The Hidden Costs of Customs: What Every CFO Needs to Know
Most companies underestimate the hidden costs of customs, but the right strategy can save millions and boost global competitiveness.
Import duties, sanctions and rules of origin. Customs declarations are becoming increasingly complex. What was once a relatively simple manual task has evolved into a highly intricate process that can either cost companies a great deal of money or help them save significant amounts. More than ever, customs declarations are an issue that concerns not only operational teams, but also the CFO and the wider executive leadership.
When United States President Donald Trump announced new import tariffs, international trade was immediately disrupted. Import duties themselves are not new, but the speed and volatility of the recent measures are unprecedented.

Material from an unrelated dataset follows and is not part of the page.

(* Under the standing assumptions below, let $\varepsilon\in(0,1]$ and let $0<c_1<c_2$ be constants, independent of $\varepsilon$, with $-c_2\le\partial_n\phi^\varepsilon\le-c_1$ on $\Sigma_0$ for all $\varepsilon\in(0,1]$. If a bounded $w\in C^{1,\gamma}(\Sigma_0)$ solves $\mathcal I^{1/\varepsilon}(w,y)=g(y)$ for all $y\in\Sigma_0$, then $$-\frac{1}{c_1\varepsilon}\|g\|_{L^\infty}\le w\le\frac{1}{c_1\varepsilon}\|g\|_{L^\infty}\quad\text{on }\Sigma_0.$$
   Context: Let $d\ge1$, $n\in\mathbb R^{d+1}$ a unit vector. For $r>0$, $\Sigma^r=\{y:0<y\cdot n<r\}$, $\Sigma_r=\{y:y\cdot n=r\}$, $\Sigma_0=\{y:y\cdot n=0\}$; $\partial_n=n\cdot\nabla$. Fix $\gamma\in(0,1)$, $0<\lambda\le\Lambda$. $A$ is a $\mathbb Z^{d+1}$-periodic $C^\gamma$ map into symmetric matrices with $\lambda I\le A\le\Lambda I$; $B:\mathbb R^{d+1}\to\mathbb R^{d+1}$ and $g:\mathbb R^{d+1}\to\mathbb R$ are $\mathbb Z^{d+1}$-periodic and $C^\gamma$. With $L\phi=\operatorname{Tr}(AD^2\phi)+B\cdot\nabla\phi$, let $m$ be the unique periodic positive $L^2$ function with $\int_{[0,1]^{d+1}}m=1$ and $\int m\,L\phi=0$ for all periodic $\phi\in C^2\cap L^\infty$; assume $\int_{[0,1]^{d+1}}Bm\,dy=0$. For bounded $u\in C^{1,\gamma}(\Sigma_0)$, $V^\varepsilon_u$ is the unique bounded solution of $LV=0$ in $\Sigma^{1/\varepsilon}$, $V=0$ on $\Sigma_{1/\varepsilon}$, $V=u$ on $\Sigma_0$, and $\mathcal I^{1/\varepsilon}(u,y)=\partial_nV^\varepsilon_u(y)$ for $y\in\Sigma_0$. $\phi^\varepsilon$ is the unique bounded solution of $L\phi^\varepsilon=0$ in $\Sigma^{1/\varepsilon}$, $\phi^\varepsilon=0$ on $\Sigma_{1/\varepsilon}$, $\phi^\varepsilon=1/\varepsilon$ on $\Sigma_0$. *)

theory Defs
  imports "HOL-Analysis.Analysis"
begin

Nevertheless, the tariff war fits into a broader trend that has been developing for some time. Over recent years, customs declarations have become particularly complex, especially for companies with extensive supply chains operating internationally. When relevant data is also spread across organisational silos, managing customs activities effectively becomes even more challenging.
Companies Underestimate the Financial Impact of Declarations
Despite this complexity, a great deal is at stake for businesses. Research conducted by Boston Consulting Group in collaboration with Customs Support Group shows that companies tend to underestimate the economic importance of customs management. In Europe, customs clearance takes an average of two to three days.
Around twenty to forty percent of delays are caused by classification and documentation errors that could be avoided through proactive and accurate processes. In addition, demurrage and detention costs are incurred per container, often amounting to thousands of euros. Furthermore, in the case of incorrect declarations, additional import duties and taxes can be imposed retroactively for up to ten years.
In practice, organisations often pay too much when goods pass through customs. In some cases, this involves annual amounts reaching seven figures. Money that is effectively lost. Conversely, underpayment also occurs, which inevitably leads to costly penalties. The impact of customs activities is often not immediately visible, as fines may only be imposed months or even years later. As a result, customs declarations affect corporate profitability both in the short and the long term.
Given the significant financial impact, customs activities have become a matter for senior management and particularly for the CFO. When customs declarations can account for up to ten percent of the total cost of a product, it is clearly worth paying close attention to them. The more effectively companies integrate customs processes into their overall business strategy, the greater the impact on their competitiveness and resilience in global trade.
Ninety-Nine Percent Accuracy Is Not Enough
Trade is global, but customs authorities remain largely local. Differences between countries add further complexity to risk management for businesses. Being correct ninety-nine percent of the time is no longer sufficient. As detection rates increase through the use of technology and penalties continue to rise sharply, declarations must be accurate and complete.
Companies are advised to review their Harmonised System classifications. This system is used by customs authorities worldwide to classify goods entering a country and to determine applicable duties and taxes.
For organisations, this creates opportunities to optimise duties and ensure they benefit from free trade agreements with other countries. In doing so, they can reduce costs and remain competitive in a constantly evolving global market. Data and insights into customs activities provide organisations with the tools they need to limit the impact of import duties on profitability as much as possible.
Outsourcing to Specialised Partners
That organisations are increasingly recognising the importance of this is evident from the growing trend to outsource customs activities to specialised partners. Customs as a Service provides access to deeper expertise, greater capacity and digital solutions that ensure accurate classification of goods and compliance with regulations. Just as an accountant supports strategic investment decisions, expert support in customs matters can help companies save substantial amounts when preparing and managing customs declarations.
In the coming years, customs activities are unlikely to become any simpler. Geopolitical instability requires organisations to effectively incorporate risks, sanctions and export restrictions into their declarations. At the same time, increasingly strict rules are being introduced regarding product origin and carbon emissions. A clear example of this is CBAM, which applies to sectors such as the steel industry.
In 2024, customs authorities worldwide collected between six hundred and nine hundred billion US dollars in customs duties, representing almost one percent of global economic activity. In that context, the tariff war and similar developments may serve as a necessary reminder for companies to consider more carefully the impact of customs on their overall profitability.